*** Opening of Source material ***
lemma chi_mult: "chi p n c t x * chi p n c' t' x = chi p n (\<lambda>a. c a + c' a) (t + t') x"
proof -
  have "of_int (int p * polyval n (\<lambda>a. c a + c' a) x + (t + t')) / of_int (int p ^ 2) =
      of_int (int p * polyval n c x + t) / of_int (int p ^ 2)
      + (of_int (int p * polyval n c' x + t') / of_int (int p ^ 2) :: real)"
    by (simp add: polyval_add algebra_simps add_divide_distrib [symmetric])
  then show ?thesis
    by (simp add: chi_def e2pi_add)
qed

lemma polyval_carry_mod:
  assumes "n > 0"
  shows "polyval n (carry p c t) x mod int p = (polyval n c x + t div int p) mod int p"
proof -
  define d where "d a = c a + (if a = 0 then t div int p else 0)" for a
  have "polyval n (carry p c t) x mod int p = (\<Sum>a<n. carry p c t a * x ^ a mod int p) mod int p"
    unfolding polyval_def by (rule mod_sum_eq [symmetric])
  also have "\<dots> = (\<Sum>a<n. d a * x ^ a mod int p) mod int p"
    unfolding carry_def d_def by (simp only: mod_mult_left_eq)
  also have "\<dots> = polyval n d x mod int p"
    unfolding polyval_def by (rule mod_sum_eq)
  also have "polyval n d x = polyval n c x + (\<Sum>a<n. (if a = 0 then t div int p else 0) * x ^ a)"
    by (simp only: d_def polyval_def sum.distrib distrib_right)
  also have "(\<Sum>a<n. (if a = 0 then t div int p else 0) * x ^ a) = (\<Sum>a<n. if a = 0 then t div int p else 0)"
    by (rule sum.cong) auto
  also have "\<dots> = t div int p"
    using assms by simp
  finally show ?thesis .
qed

lemma chi_carry:
  assumes "p > 0" and "n > 0"
  shows "chi p n (carry p c t) (t mod int p) x = chi p n c t x"
proof -
  obtain k where "polyval n (carry p c t) x - (polyval n c x + t div int p) = int p * k"
    using polyval_carry_mod[OF assms(2)] by (metis dvd_def mod_eq_dvd_iff)
  then have "(int p * polyval n (carry p c t) x + t mod int p) - (int p * polyval n c x + t)
      = int p ^ 2 * k"
    by (simp add: algebra_simps power2_eq_square minus_div_mult_eq_mod [symmetric])
  moreover have "int p ^ 2 > 0"
    using assms(1) by simp
  ultimately show ?thesis
    unfolding chi_def by (subst e2pi_frac_eq_iff) auto
qed

lemma polyval_2: "polyval 2 c x = c 0 + c 1 * x"
  by (simp add: polyval_def numeral_2_eq_2)

lemma theta_digits_chi_theta:
  assumes "\<forall>a. 0 \<le> c a \<and> c a < int p" and "0 \<le> t" and "t < int p" and "m < 2 \<longrightarrow> t = 0"
    and "1 \<le> m"
  shows "theta_digits p m (chi_theta p c t)"
  using assms by (auto simp: theta_digits_def chi_theta_def nat_less_iff)

lemma exp_theta_exponent_chi_theta:
  assumes "\<forall>a. 0 \<le> c a" and "0 \<le> t" and "m < 2 \<longrightarrow> t = 0" and "1 \<le> m" and "p > 0"
  shows "exp (theta_exponent p m (chi_theta p c t) q) = chi p p c t (int q)"
proof -
  define A :: complex where "A = of_int (polyval p c (int q))"
  define B :: complex where "B = of_int t"
  have inner: "(\<Sum>a<p. of_nat (chi_theta p c t j a) * of_nat (q ^ a)) =
      (if j = 1 then A else 0) + (if j = 2 then B else 0)" for j
  proof -
    have "(\<Sum>a<p. of_nat (chi_theta p c t j a) * of_nat (q ^ a) :: complex) =
        (\<Sum>a<p. (if j = 1 then of_int (c a * int q ^ a) else 0) + (if j = 2 \<and> a = 0 then B else 0))"
      using assms(1,2) by (intro sum.cong) (auto simp: chi_theta_def B_def)
    then show ?thesis
      using assms(5) by (simp add: sum.distrib A_def polyval_def)
  qed
  have "theta_exponent p m (chi_theta p c t) q =
      (\<Sum>j\<in>{1..m}. (if j = 1 then 2 * pi * \<i> / of_nat p * A else 0)
                    + (if j = 2 then 2 * pi * \<i> / of_nat (p ^ 2) * B else 0))"
    unfolding theta_exponent_def inner by (intro sum.cong) (auto simp: distrib_left)
  also have "\<dots> = 2 * pi * \<i> / of_nat p * A + 2 * pi * \<i> / of_nat (p ^ 2) * B"
    using assms(3,4) by (simp add: sum.distrib B_def)
  also have "\<dots> = 2 * pi * \<i> * of_real (of_int (int p * polyval p c (int q) + t) / of_int (int p ^ 2))"
    using assms(5) by (simp add: A_def B_def field_simps power2_eq_square)
  finally show ?thesis
    by (simp add: chi_def e2pi_def)
qed

lemma theta_eq_chi_theta:
  assumes "prime p" and "1 \<le> m" and "\<forall>a. 0 \<le> c a \<and> c a < int p"
    and "0 \<le> t" and "t < int p" and "m < 2 \<longrightarrow> t = 0"
    and "\<forall>q<p. \<xi> q = chi p p c t (int q)"
  shows "theta p m \<xi> = chi_theta p c t"
  using assms prime_gt_0_nat[OF assms(1)]
  by (intro theta_eqI theta_digits_chi_theta) (simp_all add: exp_theta_exponent_chi_theta)

lemma Rfun_chi_theta:
  assumes "theta p m \<xi> = chi_theta p c t" and "1 < p" and "0 \<le> c 0" and "0 \<le> c 1" and "0 \<le> t"
  shows "Rfun p m \<xi> q = chi p 2 c t (int q)"
proof -
  have "Rfun p m \<xi> q =
      omega p ^ (nat (c 0) + nat (c 1) * q) * exp (2 * pi * \<i> * of_int t / of_nat (p ^ 2))"
    using assms by (simp add: Rfun_def chi_theta_def)
  also have "omega p ^ (nat (c 0) + nat (c 1) * q) = e2pi (of_int (c 0 + c 1 * int q) / real p)"
    using assms(3,4) by (simp add: omega_eq_e2pi e2pi_power)
  also have "exp (2 * pi * \<i> * of_int t / of_nat (p ^ 2)) = e2pi (of_int t / real p ^ 2)"
    by (simp add: e2pi_def)
  also have "e2pi (of_int (c 0 + c 1 * int q) / real p) * e2pi (of_int t / real p ^ 2) =
      chi p 2 c t (int q)"
    using assms(2)
    by (simp add: chi_def polyval_2 flip: e2pi_add) (simp add: field_simps power2_eq_square)
  finally show ?thesis .
qed

lemma Rfun_chi:
  assumes "prime p" and "1 \<le> m" and "m < 2 \<longrightarrow> t = 0"
    and "\<forall>q<p. \<xi> q = chi p p c t (int q)"
  shows "Rfun p m \<xi> q = chi p 2 c t (int q)"
proof -
  have p: "1 < p"
    using assms(1) prime_gt_1_nat by blast
  \<comment> \<open>theta sees only the reduced digits, but chi p 2 is as insensitive to the reduction as chi p p\<close>
  have "\<forall>q<p. \<xi> q = chi p p (carry p c t) (t mod int p) (int q)"
    using assms(4) p by (simp add: chi_carry)
  moreover have "\<forall>a. 0 \<le> carry p c t a \<and> carry p c t a < int p"
    using p by (simp add: carry_def)
  ultimately have "theta p m \<xi> = chi_theta p (carry p c t) (t mod int p)"
    using p assms(1-3) by (intro theta_eq_chi_theta) auto
  then have "Rfun p m \<xi> q = chi p 2 (carry p c t) (t mod int p) (int q)"
    using p by (intro Rfun_chi_theta) (simp_all add: carry_def)
  also have "\<dots> = chi p 2 c t (int q)"
    using p by (simp add: chi_carry)
  finally show ?thesis .
qed

section \<open>Diagonal elements with central p-th power\<close>

lemma roots_of_unity_numerators:
  assumes "n > 0" and "\<forall>q<p. \<xi> q ^ n = 1"
  obtains N :: "nat \<Rightarrow> int" where "\<And>q. q < p \<Longrightarrow> \<xi> q = e2pi (of_int (N q) / of_int (int n))"
proof -
  have "\<exists>j::nat. \<xi> q = e2pi (of_nat j / of_nat n)" if "q < p" for q
    using root_of_unity_e2pi[of n "\<xi> q"] assms that by simp
  then obtain J where "\<forall>q<p. \<xi> q = e2pi (of_nat (J q) / of_nat n)"
    by metis
  then show ?thesis
    using that[of "\<lambda>q. int (J q)"] by simp
qed

lemma two_level_numerators:
  fixes N :: "nat \<Rightarrow> int"
  assumes "p > 0" and "2 \<le> m"
    and "\<forall>q<p. int p ^ (m - 1) dvd N q - N 0" and "int p ^ m dvd (\<Sum>q<p. N q)"
  obtains g h where "\<And>q. q < p \<Longrightarrow> N q = int p ^ (m - 2) * (int p * g q + h)"
proof -
  define P where "P = int p"
  have P_pow: "P ^ m = P * P ^ (m - 1)" "P ^ (m - 1) = P * P ^ (m - 2)"
  proof -
    have m: "m = (m - 2) + 2"
      using assms(2) by simp
    show "P ^ m = P * P ^ (m - 1)" "P ^ (m - 1) = P * P ^ (m - 2)"
      by (subst (1 2) m; simp add: power_add)+
  qed
  define g where "g q = (N q - N 0) div P ^ (m - 1)" for q
  have N_eq: "N q = N 0 + P ^ (m - 1) * g q" if "q < p" for q
    using assms(3) that by (simp add: g_def P_def)
  have "(\<Sum>q<p. N q) = (\<Sum>q<p. N 0 + P ^ (m - 1) * g q)"
    by (intro sum.cong refl N_eq) simp
  also have "\<dots> = P * N 0 + P ^ (m - 1) * (\<Sum>q<p. g q)"
    by (simp add: sum.distrib sum_distrib_left P_def)
  finally have "P ^ (m - 1) dvd P * N 0 + P ^ (m - 1) * (\<Sum>q<p. g q)"
    using assms(4) P_pow(1) by (metis P_def dvd_mult_right)
  then have "P * P ^ (m - 2) dvd P * N 0"
    using P_pow(2) by (simp add: dvd_add_left_iff)
  then obtain h where h: "N 0 = P ^ (m - 2) * h"
    using assms(1) by (auto simp: P_def elim: dvdE)
  have "N q = P ^ (m - 2) * (P * g q + h)" if "q < p" for q
    using N_eq[OF that] h P_pow(2) by (simp add: algebra_simps)
  then show ?thesis
    using that by (simp add: P_def)
qed

lemma root_numerators_dvd:
  fixes N :: "nat \<Rightarrow> int"
  assumes "p > 0" and "1 \<le> m" and N: "\<And>q. q < p \<Longrightarrow> \<xi> q = e2pi (of_int (N q) / of_int (int p ^ m))"
    and "\<forall>q<p. \<xi> q ^ p = \<xi> 0 ^ p" and "(\<Prod>q<p. \<xi> q) = 1"
  shows "\<forall>q<p. int p ^ (m - 1) dvd N q - N 0" and "int p ^ m dvd (\<Sum>q<p. N q)"
proof -
  have "int p ^ m dvd int p * N q - int p * N 0" if "q < p" for q
  proof -
    have "e2pi (of_int (int p * N q) / of_int (int p ^ m)) = \<xi> q ^ p"
      using N[OF that] by (simp add: e2pi_power)
    also have "\<dots> = \<xi> 0 ^ p"
      using assms(4) that by blast
    also have "\<dots> = e2pi (of_int (int p * N 0) / of_int (int p ^ m))"
      using N[of 0] assms(1) by (simp add: e2pi_power)
    finally show ?thesis
      using assms(1) by (subst (asm) e2pi_frac_eq_iff) auto
  qed
  moreover have "int p ^ m = int p * int p ^ (m - 1)"
    using assms(2) by (cases m) simp_all
  ultimately show "\<forall>q<p. int p ^ (m - 1) dvd N q - N 0"
    using assms(1) by (simp add: right_diff_distrib [symmetric])
  have "e2pi (of_int (\<Sum>q<p. N q) / of_int (int p ^ m)) =
      (\<Prod>q<p. e2pi (of_int (N q) / of_int (int p ^ m)))"
    by (simp add: prod_e2pi sum_divide_distrib)
  also have "\<dots> = e2pi (of_int 0 / of_int (int p ^ m))"
    using N assms(5) by (simp add: e2pi_def)
  finally show "int p ^ m dvd (\<Sum>q<p. N q)"
    using assms(1) by (subst (asm) e2pi_frac_eq_iff) auto
qed

lemma exists_two_level_exponents:
  assumes "prime p" and "1 \<le> m" and "\<forall>q<p. \<xi> q ^ p ^ m = 1" and "\<forall>q<p. \<xi> q ^ p = \<xi> 0 ^ p"
    and "(\<Prod>q<p. \<xi> q) = 1"
  shows "\<exists>g h. (m < 2 \<longrightarrow> h = 0) \<and>
    (\<forall>q<p. \<xi> q = e2pi (of_int (int p * g q + h) / of_int (int p ^ 2)))"
proof -
  have p: "p > 0"
    using assms(1) prime_gt_0_nat by blast
  obtain N where N: "\<And>q. q < p \<Longrightarrow> \<xi> q = e2pi (of_int (N q) / of_int (int p ^ m))"
    using roots_of_unity_numerators[of "p ^ m" p \<xi>] assms(3) p by auto
  show ?thesis
  proof (cases "m = 1")
    case True
    have "\<xi> q = e2pi (of_int (int p * N q + 0) / of_int (int p ^ 2))" if "q < p" for q
      using N[OF that] True p by (simp add: power2_eq_square)
    then show ?thesis
      using True by blast
  next
    case False
    obtain g h where gh: "\<And>q. q < p \<Longrightarrow> N q = int p ^ (m - 2) * (int p * g q + h)"
      using two_level_numerators[of p m N] root_numerators_dvd[OF p assms(2) N assms(4,5)]
        False assms(2) p by auto
    have "m = (m - 2) + 2"
      using False assms(2) by simp
    then have "int p ^ m = int p ^ (m - 2) * int p ^ 2"
      by (metis power_add)
    then have "\<xi> q = e2pi (of_int (int p * g q + h) / of_int (int p ^ 2))" if "q < p" for q
      using N[OF that] gh[OF that] p by simp
    then show ?thesis
      using False assms(2) by (intro exI[of _ g] exI[of _ h]) auto
  qed
qed

lemma exists_chi_form:
  assumes "prime p" and "1 \<le> m" and "\<forall>q<p. \<xi> q ^ p ^ m = 1" and "\<forall>q<p. \<xi> q ^ p = \<xi> 0 ^ p"
    and "(\<Prod>q<p. \<xi> q) = 1"
  shows "\<exists>c t. (m < 2 \<longrightarrow> t = 0) \<and> (\<forall>q<p. \<xi> q = chi p p c t (int q))"
proof -
  obtain g h where h: "m < 2 \<longrightarrow> h = 0"
    and g: "\<forall>q<p. \<xi> q = e2pi (of_int (int p * g q + h) / of_int (int p ^ 2))"
    using exists_two_level_exponents[OF assms] by blast
  obtain c where c: "\<forall>q<p. polyval p c (int q) mod int p = g q mod int p"
    using polyval_interpolation[OF assms(1)] by blast
  have "chi p p c h (int q) = \<xi> q" if "q < p" for q
  proof -
    have "int p dvd polyval p c (int q) - g q"
      using c that by (simp add: mod_eq_dvd_iff)
    then have "int p ^ 2 dvd (int p * polyval p c (int q) + h) - (int p * g q + h)"
      by (simp add: power2_eq_square flip: right_diff_distrib)
    moreover have "int p ^ 2 > 0"
      using assms(1) prime_gt_0_nat by simp
    ultimately have "chi p p c h (int q) = e2pi (of_int (int p * g q + h) / of_int (int p ^ 2))"
      unfolding chi_def by (subst e2pi_frac_eq_iff) auto
    then show ?thesis
      using g that by simp
  qed
  then show ?thesis
    using h by metis
qed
*** Close of Source material ***
§ **What to work on**
In the entries above, restate word for word the lines between the one holding "section \<open>Diagonal elements" and the one holding "using root_of_unity_e2pi[of n", inclusive, and nothing besides.

§ **Result for this exercise**
section \<open>Diagonal elements with central p-th power\<close>

lemma roots_of_unity_numerators:
  assumes "n > 0" and "\<forall>q<p. \<xi> q ^ n = 1"
  obtains N :: "nat \<Rightarrow> int" where "\<And>q. q < p \<Longrightarrow> \<xi> q = e2pi (of_int (N q) / of_int (int n))"
proof -
  have "\<exists>j::nat. \<xi> q = e2pi (of_nat j / of_nat n)" if "q < p" for q
    using root_of_unity_e2pi[of n "\<xi> q"] assms that by simp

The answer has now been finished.